Work instructions:
Copy each line of the listing where the word "frac" can be found.
----------
(* Let $A,X\in M_n(\mathbb{C})$ and $1\le m\le n$. Then $$\|D^m\operatorname{per}A\|\le\frac{n!}{(n-m)!}\|A\|^{n-m}$$ and $$|\operatorname{per}(A+X)-\operatorname{per}A|\le(\|A\|+\|X\|)^n-\|A\|^n.$$
   Context: $\operatorname{per}A=\sum_{\sigma\in S_n}\prod_ia_{i\sigma(i)}$ is the permanent. $D^m\operatorname{per}(A)(X^1,\ldots,X^m)=\frac{\partial^m}{\partial t_1\cdots\partial t_m}\big|_{t=0}\operatorname{per}(A+t_1X^1+\cdots+t_mX^m)$, and $\|D^m\operatorname{per}A\|=\sup_{\|X^1\|=\cdots=\|X^m\|=1}|D^m\operatorname{per}(A)(X^1,\ldots,X^m)|$. $\|\cdot\|$ on matrices is the operator (spectral) norm. *)

theory Defs
  imports "HOL-Analysis.Analysis"
begin

text \<open>Complex n x n matrices are rendered as complex^'n^'n (n = CARD('n)).\<close>

definition per :: "complex^'n^'n \<Rightarrow> complex" where
  "per A = (\<Sum>p | p permutes (UNIV::'n set). \<Prod>i\<in>UNIV. A $ i $ p i)"

text \<open>Operator (spectral) norm: induced by the Euclidean norm on complex^'n.\<close>
definition opnorm :: "complex^'n^'n \<Rightarrow> real" where
  "opnorm A = onorm (\<lambda>x::complex^'n. A *v x)"

definition cmat_scale :: "complex \<Rightarrow> complex^'n^'n \<Rightarrow> complex^'n^'n" where
  "cmat_scale c M = (\<chi> i j. c * M $ i $ j)"

fun mixed_partial :: "nat \<Rightarrow> ((nat \<Rightarrow> complex) \<Rightarrow> complex) \<Rightarrow> (nat \<Rightarrow> complex) \<Rightarrow> complex" where
  "mixed_partial 0 g t = g t"
| "mixed_partial (Suc k) g t =
     deriv (\<lambda>s. mixed_partial k g (t(Suc k := s))) (t (Suc k))"

text \<open>D^m per(A)(X^1,...,X^m) = d^m/(dt_1...dt_m) at t=0 of per(A + t_1 X^1 + ... + t_m X^m).\<close>
definition Dper :: "nat \<Rightarrow> complex^'n^'n \<Rightarrow> (nat \<Rightarrow> complex^'n^'n) \<Rightarrow> complex" where
  "Dper m A X = mixed_partial m
      (\<lambda>t. per (A + (\<Sum>k\<in>{1..m}. cmat_scale (t k) (X k)))) (\<lambda>_. 0)"

definition Dper_norm :: "nat \<Rightarrow> complex^'n^'n \<Rightarrow> real" where
  "Dper_norm m A = Sup {norm (Dper m A X) | X. \<forall>k\<in>{1..m}. opnorm (X k) = 1}"

end

theory Submission
  imports Defs
begin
----------
Answer box:
(* Let $A,X\in M_n(\mathbb{C})$ and $1\le m\le n$. Then $$\|D^m\operatorname{per}A\|\le\frac{n!}{(n-m)!}\|A\|^{n-m}$$ and $$|\operatorname{per}(A+X)-\operatorname{per}A|\le(\|A\|+\|X\|)^n-\|A\|^n.$$
   Context: $\operatorname{per}A=\sum_{\sigma\in S_n}\prod_ia_{i\sigma(i)}$ is the permanent. $D^m\operatorname{per}(A)(X^1,\ldots,X^m)=\frac{\partial^m}{\partial t_1\cdots\partial t_m}\big|_{t=0}\operatorname{per}(A+t_1X^1+\cdots+t_mX^m)$, and $\|D^m\operatorname{per}A\|=\sup_{\|X^1\|=\cdots=\|X^m\|=1}|D^m\operatorname{per}(A)(X^1,\ldots,X^m)|$. $\|\cdot\|$ on matrices is the operator (spectral) norm. *)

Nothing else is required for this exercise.